Alignment is a subject of intense ongoing debate on LW and other places, and of course the developers of the models, though they admit that it’s hard, are still optimistic about the possibility of alignment (I suppose they have to be).

But my intuition tells me something different; I think of superintelligence in terms of complexity, eg, it has a greater ability to manage complexity than humans, and to us it is very complex. In contrast, we are less complex to it and it may find us basic and rather easy to model /​ predict to a good degree of confidence.

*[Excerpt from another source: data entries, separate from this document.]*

(* Let $\mathbf{x}$ be a random vector in $\mathbb{R}^d$ and let $\beta\in\mathbb{R}^d$ be a fixed vector. Let $\mathcal{S}_1,\dots,\mathcal{S}_m\subset\{1,\dots,d\}$ be non-empty, pairwise disjoint index sets with $d_i=|\mathcal{S}_i|$, and for each $i$ let $\mathbf{x}^{(i)}=[\mathbf{x}_r, r\in\mathcal{S}_i]\in\mathbb{R}^{d_i}$ and $\beta^{(i)}=[\beta_r, r\in\mathcal{S}_i]\in\mathbb{R}^{d_i}$. Assume $\mathbf{x}^{(i)}$ has probability density $p_i$ with respect to Lebesgue measure $\mu_i$ on $\mathbb{R}^{d_i}$. For each $i$, fix a number of levels $K_i$ and consider quantizers $Q_i:\mathbb{R}^{d_i}\to\{c^{(i)}_1,\dots,c^{(i)}_{K_i}\}$ of the form $Q_i(x^{(i)})=c^{(i)}_k$ if $x^{(i)}\in\mathcal{D}^{(i)}_k$, where $c^{(i)}_k\in\mathbb{R}^{d_i}$ and $\mathcal{D}^{(i)}_1,\dots,\mathcal{D}^{(i)}_{K_i}$ partition $\mathbb{R}^{d_i}$. Set $\hat{\mathbf y}=\langle \mathbf{x},\beta\rangle$, $\tilde{\mathbf{x}}^{(i)}=Q_i(\mathbf{x}^{(i)})$, and $\tilde{\mathbf y}=\sum_{i=1}^m\langle\tilde{\mathbf{x}}^{(i)},\beta^{(i)}\rangle$ (i.e. $\langle\tilde{\mathbf x},\beta\rangle$ where $\tilde{\mathbf x}$ is the vector obtained by replacing each block $\mathbf x^{(i)}$ by $\tilde{\mathbf x}^{(i)}$). Let $Q_1,\dots,Q_m$ be optimal quantizers for the problem $\min_{Q_1,\dots,Q_m}\mathbb{E}[(\tilde{\mathbf y}-\hat{\mathbf y})^2]$. Then simultaneously for every $i\in\{1,\dots,m\}$, $Q_i$ has the structure $$Q_i(x^{(i)})=\bar c^{(i)}_k\quad\text{if } x^{(i)}\in\bar{\mathcal{D}}^{(i)}_k,\ k\in\{1,\dots,K_i\},$$ where $\bar c^{(i)}_k$ and $\bar{\mathcal D}^{(i)}_k$ are minimizers of $$\min_{c^{(i)}_k,\mathcal{D}^{(i)}_k}\sum_{k=1}^{K_i}\int_{\mathcal{D}^{(i)}_k} f_i(c^{(i)}_k,x^{(i)})\,p_i(x^{(i)})\,d\mu_i(x^{(i)}),$$ with $$f_i(c,x^{(i)})=\mathbb{E}\Big[\Big(\langle c-x^{(i)},\beta^{(i)}\rangle+\sum_{i'\neq i}\langle\tilde{\mathbf{x}}^{(i')}-\mathbf{x}^{(i')},\beta^{(i')}\rangle\Big)^2\,\Big|\,\mathbf{x}^{(i)}=x^{(i)}\Big],$$ where for $i'\neq i$, $\tilde{\mathbf{x}}^{(i')}=Q_{i'}(\mathbf{x}^{(i')})$ is obtained from the optimal quantizer $Q_{i'}$.
   Context: Expectations are over the distribution of $\mathbf{x}$ with $\beta$ held fixed. $\langle\cdot,\cdot\rangle$ denotes the Euclidean inner product. The minimization defining $\bar c^{(i)}_k,\bar{\mathcal D}^{(i)}_k$ is over codepoints $c^{(i)}_k\in\mathbb{R}^{d_i}$ and partitions $\{\mathcal D^{(i)}_k\}_{k=1}^{K_i}$ of $\mathbb{R}^{d_i}$, with the other quantizers $Q_{i'}$, $i'\neq i$, fixed at their optimal values. *)

theory Defs
  imports "HOL-Probability.Probability"
begin
lemma abs_matrix_entry_le_norm: "\<bar>(A::real^'m^'n) $ i $ j\<bar> \<le> norm A"
  by (rule order_trans[OF component_le_norm_cart Finite_Cartesian_Product.norm_nth_le])

lemma norm_matrix_le_sum_abs:
  "norm (A::real^'m^'n) \<le> (\<Sum>i\<in>UNIV. \<Sum>j\<in>UNIV. \<bar>A $ i $ j\<bar>)"
proof -
  have "norm A \<le> (\<Sum>i\<in>UNIV. norm (A $ i))"
    unfolding norm_vec_def by (rule L2_set_le_sum) simp
  also have "\<dots> \<le> (\<Sum>i\<in>UNIV. \<Sum>j\<in>UNIV. \<bar>A $ i $ j\<bar>)"
    by (intro sum_mono norm_le_l1_cart)
  finally show ?thesis .
qed

lemma row_sum_abs_le_norm:
  "(\<Sum>j\<in>UNIV. \<bar>(A::real^'m^'n) $ i $ j\<bar>) \<le> CARD('m) * norm A"
  using sum_bounded_above[of UNIV "\<lambda>j. \<bar>A $ i $ j\<bar>" "norm A", OF
      abs_matrix_entry_le_norm]
  by simp

lemma norm_transpose: "norm (transpose (A::real^'m^'n)) = norm A"
proof -
  have "norm (transpose A) ^ 2 = (\<Sum>i\<in>UNIV. \<Sum>j\<in>UNIV. (A $ j $ i) ^ 2)"
    by (simp add: norm_matrix_sq transpose_def)
  also have "\<dots> = norm A ^ 2"
    unfolding norm_matrix_sq by (rule sum.swap)
  finally show ?thesis by (simp add: power2_eq_iff_nonneg)
qed

lemma norm_matrix_mult_le: "norm ((A::real^'m^'n) ** (B::real^'k^'m)) \<le> norm A * norm B"
proof -
  have entry: "(A ** B) $ i $ j = (A $ i) \<bullet> (transpose B $ j)" for i j
    by (simp add: matrix_matrix_mult_def transpose_def inner_vec_def)
  have "norm (A ** B) ^ 2 = (\<Sum>i\<in>UNIV. \<Sum>j\<in>UNIV. ((A $ i) \<bullet> (transpose B $ j)) ^ 2)"
    by (simp add: norm_matrix_sq entry)
  also have "\<dots> \<le> (\<Sum>i\<in>UNIV. \<Sum>j\<in>UNIV. norm (A $ i) ^ 2 * norm (transpose B $ j) ^ 2)"
    using Cauchy_Schwarz_ineq by (intro sum_mono) (simp add: power2_norm_eq_inner)
  also have "\<dots> = (\<Sum>i\<in>UNIV. norm (A $ i) ^ 2) * (\<Sum>j\<in>UNIV. norm (transpose B $ j) ^ 2)"
    by (simp add: sum_product)
  also have "\<dots> = (norm A * norm B) ^ 2"
    by (simp only: norm_sq_eq_sum_rows[symmetric] norm_transpose power_mult_distrib)
  finally show ?thesis
    by (rule power2_le_imp_le) (intro mult_nonneg_nonneg norm_ge_zero)
qed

I think complexity is a useful concept to think about, and it has an interesting characteristic, which is that it tends to escape your attempts to manage it, over time. This is why, as living organisms, we need to do continual maintenance work on ourselves to pump the entropy out of our bodies and minds.

Managing complexity takes ongoing effort, and the more complex the problem is, the more likely that your model of it will fall short sooner or later, so pretty much guaranteed, in the case of a superintelligence. And this is going to be a problem for AI safety, news to pretty much no-one I expect…

And this is just how life is, and I havn’t seen an example in any other domain that would suggest we can align a superintelligence. If we could, maybe we could first try to align a politician? Nope, we havn’t managed that either, and the problem isn’t entirely dissimilar. What about aligning a foreign nation state? Nope, there are only 2 ways, either there is mutual benefit to alignment, or there is a benefit to one party to behave well because the other has the circumstantial advantage.

I Googled “nature of complexity” just to see if there was anything that supported my intuition on the subject, and the first result is this page, which has a fitting quote:

“Complexity is the property of a real world system that is manifest in the inability of any one formalism being adequate to capture all its properties. It requires that we find distinctly different ways of interacting with systems. Distinctly different in the sense that when we make successful models, the formal systems needed to describe each distinct aspect are NOT derivable from each other.”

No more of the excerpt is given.